▶ **What you have to do**
Up to and including the line with "unfolding measurable_on_def by blast", output the records exactly as they appear.

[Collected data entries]
-- Opening Marker --

text \<open>Approximate \<open>u\<close> by continuous functions (it is measurable on \<open>[-pi, pi]\<close>), clip them to
  keep the bound \<open>M\<close>, and multiply by a cutoff that vanishes near \<open>\<plusminus>pi\<close>.\<close>

lemma Lp_approx_bounded_by_continuous:
  fixes u :: "real \<Rightarrow> real"
  assumes u: "u \<in> borel_measurable torus" and M: "\<And>x. \<bar>u x\<bar> \<le> M" and p: "0 < p" and e: "0 < e"
  shows "\<exists>h \<delta>. continuous_on UNIV h \<and> 0 < \<delta> \<and> \<delta> < pi / 2 \<and> (\<forall>t. pi - \<delta> \<le> \<bar>t\<bar> \<longrightarrow> h t = 0)
           \<and> (\<integral>x. \<bar>u x - h x\<bar> powr p \<partial>torus) < e"
proof -
  have M0: "0 \<le> M" using M[of 0] abs_ge_zero[of "u 0"] by linarith
  have "u measurable_on {-pi..pi}"
    using u by (subst measurable_on_iff_borel_measurable) (auto simp: torus_def)
  then obtain N g where N: "negligible N" and g: "\<And>n. continuous_on UNIV (g n)"
    and g_lim: "\<And>x. x \<notin> N \<Longrightarrow> (\<lambda>n. g n x) \<longlonglongrightarrow> (if x \<in> {-pi..pi} then u x else 0)"
    unfolding measurable_on_def by blast
  define c where "c n x = edge_cutoff n x * clip M (g n x)" for n x
  have c_cont: "continuous_on UNIV (c n)" for n
    unfolding c_def clip_def
    by (intro continuous_intros continuous_on_edge_cutoff g[THEN continuous_on_subset]) auto
  have c_bound: "\<bar>c n x\<bar> \<le> M" for n x
  proof -
    have "\<bar>c n x\<bar> \<le> 1 * M"
      unfolding c_def abs_mult using abs_clip_le[OF M0] edge_cutoff_bounds
      by (intro mult_mono) auto
    then show ?thesis by simp
  qed
  have "(\<lambda>n. \<integral>x. \<bar>c n x - u x\<bar> powr p \<partial>torus) \<longlonglongrightarrow> 0"
  proof (rule tendsto_integral_powr_abs_diff[where w = "\<lambda>x. 2 * M", OF _ u _ _ _ p])
    show "c n \<in> borel_measurable torus" for n
      by (rule borel_measurable_torus_continuous[OF c_cont])
    have "negligible (N \<union> {-pi, pi})"
      using N by (simp add: negligible_Un)
    from AE_torus_not_in_negligible[OF this] AE_space
    show "AE x in torus. (\<lambda>n. c n x) \<longlonglongrightarrow> u x"
    proof eventually_elim
      case (elim x)
      then have x: "x \<notin> N" "\<bar>x\<bar> < pi" by auto
      have "(\<lambda>n. g n x) \<longlonglongrightarrow> u x"
        using g_lim[OF x(1)] x(2) by (simp add: abs_le_iff less_imp_le)
      then have "(\<lambda>n. clip M (g n x)) \<longlonglongrightarrow> clip M (u x)"
        unfolding clip_def by (intro tendsto_intros)
      with tendsto_edge_cutoff[OF x(2)] have "(\<lambda>n. c n x) \<longlonglongrightarrow> 1 * clip M (u x)"
        unfolding c_def by (rule tendsto_mult)
      then show ?case using clip_id[OF M] by simp
    qed
    show "\<bar>c n x - u x\<bar> \<le> 2 * M" for n x
      using c_bound[of n x] M[of x] by linarith
  qed simp
  then obtain n where n: "(\<integral>x. \<bar>c n x - u x\<bar> powr p \<partial>torus) < e"
    using eventually_less_of_tendsto_0 e by blast
  define \<delta> where "\<delta> = 1 / (2 * (real n + 1))"
  have "0 < \<delta>" "\<delta> \<le> 1 / 2"
    unfolding \<delta>_def by (simp_all add: field_simps)
  moreover have "c n t = 0" if "pi - \<delta> \<le> \<bar>t\<bar>" for t
    using edge_cutoff_eq_0 that by (simp add: c_def \<delta>_def)
  ultimately show ?thesis
    using c_cont n pi_gt3 by (intro exI[of _ "c n"] exI[of _ \<delta>]) (auto simp: abs_minus_commute)
qed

-- Closing Marker --

▶ **Result**
text \<open>Approximate \<open>u\<close> by continuous functions (it is measurable on \<open>[-pi, pi]\<close>), clip them to
  keep the bound \<open>M\<close>, and multiply by a cutoff that vanishes near \<open>\<plusminus>pi\<close>.\<close>

lemma Lp_approx_bounded_by_continuous:
  fixes u :: "real \<Rightarrow> real"
  assumes u: "u \<in> borel_measurable torus" and M: "\<And>x. \<bar>u x\<bar> \<le> M" and p: "0 < p" and e: "0 < e"
  shows "\<exists>h \<delta>. continuous_on UNIV h \<and> 0 < \<delta> \<and> \<delta> < pi / 2 \<and> (\<forall>t. pi - \<delta> \<le> \<bar>t\<bar> \<longrightarrow> h t = 0)
           \<and> (\<integral>x. \<bar>u x - h x\<bar> powr p \<partial>torus) < e"
proof -
  have M0: "0 \<le> M" using M[of 0] abs_ge_zero[of "u 0"] by linarith
  have "u measurable_on {-pi..pi}"
    using u by (subst measurable_on_iff_borel_measurable) (auto simp: torus_def)
  then obtain N g where N: "negligible N" and g: "\<And>n. continuous_on UNIV (g n)"
    and g_lim: "\<And>x. x \<notin> N \<Longrightarrow> (\<lambda>n. g n x) \<longlonglongrightarrow> (if x \<in> {-pi..pi} then u x else 0)"
    unfolding measurable_on_def by blast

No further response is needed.